Thank you for sharing. We never have to accept unacceptable behavior. Figure out what is unacceptable to you and try not to change it each time things get worse... ever lowering YOUR bottom with hers. I do that with my husband when he dips down. When he dips down, he goes ALL THE WAY down and does it faster than I can gather my whits usually - BUT - I am getting better at protecting my boundaries... it takes practice. It's really about taking care of YOU - and lovingly detaching from the sick and crazy side of her... FOR YOU - for love of yourself and your emotional mental health. It helps when I can remember that I'm mad at the disease and not the person.
Sometimes I can do it - and sometimes I just go down too - but usually not all the way anymore... and I don't drink no matter what. I try and find a place to reach out and vent like you have - and keep hope - and keep praying. My alanon sponsor tells me the alanon is usually the sicker one. My AA sponsor whole heartily agrees. I am BOTH - so I'M REALLY SICK I guess LOL - but it's not a contest... that's for sure.

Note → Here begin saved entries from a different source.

lemma subgradient_on_continuous_imp_DERIV:
  assumes sub: "subgradient_on S u \<phi>" and "open S" "x \<in> S" "isCont \<phi> x"
  shows "(u has_real_derivative \<phi> x) (at x)"
proof -
  have bound: "\<bar>(u z - u x) / (z - x) - \<phi> x\<bar> \<le> \<bar>\<phi> z - \<phi> x\<bar>" if "z \<in> S" "z \<noteq> x" for z
  proof (cases "x < z")
    case True
    then show ?thesis
      using subgradient_on_slope_bounds[OF sub \<open>x \<in> S\<close> \<open>z \<in> S\<close>] by simp
  next
    case False
    then have "z < x" using \<open>z \<noteq> x\<close> by simp
    moreover have "(u z - u x) / (z - x) = (u x - u z) / (x - z)"
      by (metis minus_diff_eq minus_divide_divide)
    ultimately show ?thesis
      using subgradient_on_slope_bounds[OF sub \<open>z \<in> S\<close> \<open>x \<in> S\<close>] by simp
  qed
  have "\<forall>\<^sub>F z in at x. z \<in> S \<and> z \<noteq> x"
    using \<open>open S\<close> \<open>x \<in> S\<close> by (simp add: eventually_at_topological) blast
  then have "\<forall>\<^sub>F z in at x. norm ((u z - u x) / (z - x) - \<phi> x) \<le> \<bar>\<phi> z - \<phi> x\<bar>"
    by eventually_elim (use bound in auto)
  moreover have "((\<lambda>z. \<bar>\<phi> z - \<phi> x\<bar>) \<longlongrightarrow> 0) (at x)"
    using \<open>isCont \<phi> x\<close> by (simp add: isCont_def LIM_zero tendsto_rabs_zero)
  ultimately have "((\<lambda>z. (u z - u x) / (z - x) - \<phi> x) \<longlongrightarrow> 0) (at x)"
    by (rule Lim_null_comparison)
  then show ?thesis
    by (simp add: has_field_derivative_iff LIM_zero_iff)
qed
theorem lemma1:
  fixes U :: "(real^'n::finite) set" and n :: nat
    and phi :: "real^'n \<Rightarrow> 'n \<Rightarrow> 'n \<Rightarrow> real"
    and xi :: "real^'n \<Rightarrow> 'n \<Rightarrow> real" and eta :: "real^'n \<Rightarrow> 'n \<Rightarrow> real"
    and g :: "real^'n \<Rightarrow> 'n \<Rightarrow> 'n \<Rightarrow> real"
  assumes "open U"
    and "CARD('n) = 2 * n + 1"
    and "almost_contact_metric_on U phi xi eta g"
  shows "(\<forall>q\<in>prod_dom U. \<forall>X Y Z W.
            curv4 (gbar g) q X Y Z W = curv4 (gbar g) q X Y (Jbar phi xi eta q Z) (Jbar phi xi eta q W))
     \<longleftrightarrow>
     (\<forall>x\<in>U. \<forall>i j k l.
        curv g x i j k l - (\<Sum>c\<in>UNIV. \<Sum>d\<in>UNIV. phi x k c * phi x l d * curv g x i j c d)
          = g x i l * g x j k - g x j l * g x i k
            - (\<Sum>a\<in>UNIV. g x a l * phi x i a) * (\<Sum>a\<in>UNIV. g x a k * phi x j a)
            + (\<Sum>a\<in>UNIV. g x a l * phi x j a) * (\<Sum>a\<in>UNIV. g x a k * phi x i a)
        \<and> (\<Sum>c\<in>UNIV. \<Sum>d\<in>UNIV. xi x c * phi x l d * curv g x i j c d)
          = eta x i * (\<Sum>a\<in>UNIV. g x a l * phi x j a) - eta x j * (\<Sum>a\<in>UNIV. g x a l * phi x i a))"
proof -
  interpret riemannian_chart U g
    using assms(1,3) by unfold_locales (simp_all add: almost_contact_metric_on_def)
  have acm: "almost_contact_metric_algebra (phi x) (xi x) (eta x) (g x)" if "x \<in> U" for x
    using assms(3) that g_sym unfolding almost_contact_metric_on_def by unfold_locales blast+
  let ?invariant = "\<lambda>x. last_pair_invariant (Jmatrix (phi x) (xi x) (eta x))
    (zero_ext (curv_excess (curv g x) (g x)))"
  have reduce_to_U: "(\<forall>q\<in>prod_dom U. \<forall>X Y Z W.
            curv4 (gbar g) q X Y Z W = curv4 (gbar g) q X Y (Jbar phi xi eta q Z) (Jbar phi xi eta q W))
      \<longleftrightarrow> (\<forall>x\<in>U. ?invariant x)"
    using curv4_gbar_Jbar_invariant_iff ball_prod_dom_mpart[of U ?invariant] by simp
  show ?thesis
    unfolding reduce_to_U
    by (intro ball_cong refl almost_contact_metric_algebra.Jmatrix_invariant_curv_iff
        [OF acm, unfolded phi_lower_def])
qed

end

These days, finding a SAFE place to 'emotionally spew' is key. You are going to need to be careful where you do this, as sometimes we really just need someone to listen, and get absolutely nothing but silence in return. A message board is not going to have that opportunity - but a meeting will. Just my experience. If you're looking for someone to validate that she's crazy - that's not healthy either - not saying I'm above it - just saying that TODAY I'm able to see that really - it's ME who must decide what is okay for ME. And then stick to it. Ask for help. Turn over what I can't handle. Continue meetings and reaching out. Try to get back to the other side... giving instead of taking... balance between both is tricky when you really just NEED a shoulder to cry on. I hope you find the strength that is already inside you to get you through this day.
See you tomorrow.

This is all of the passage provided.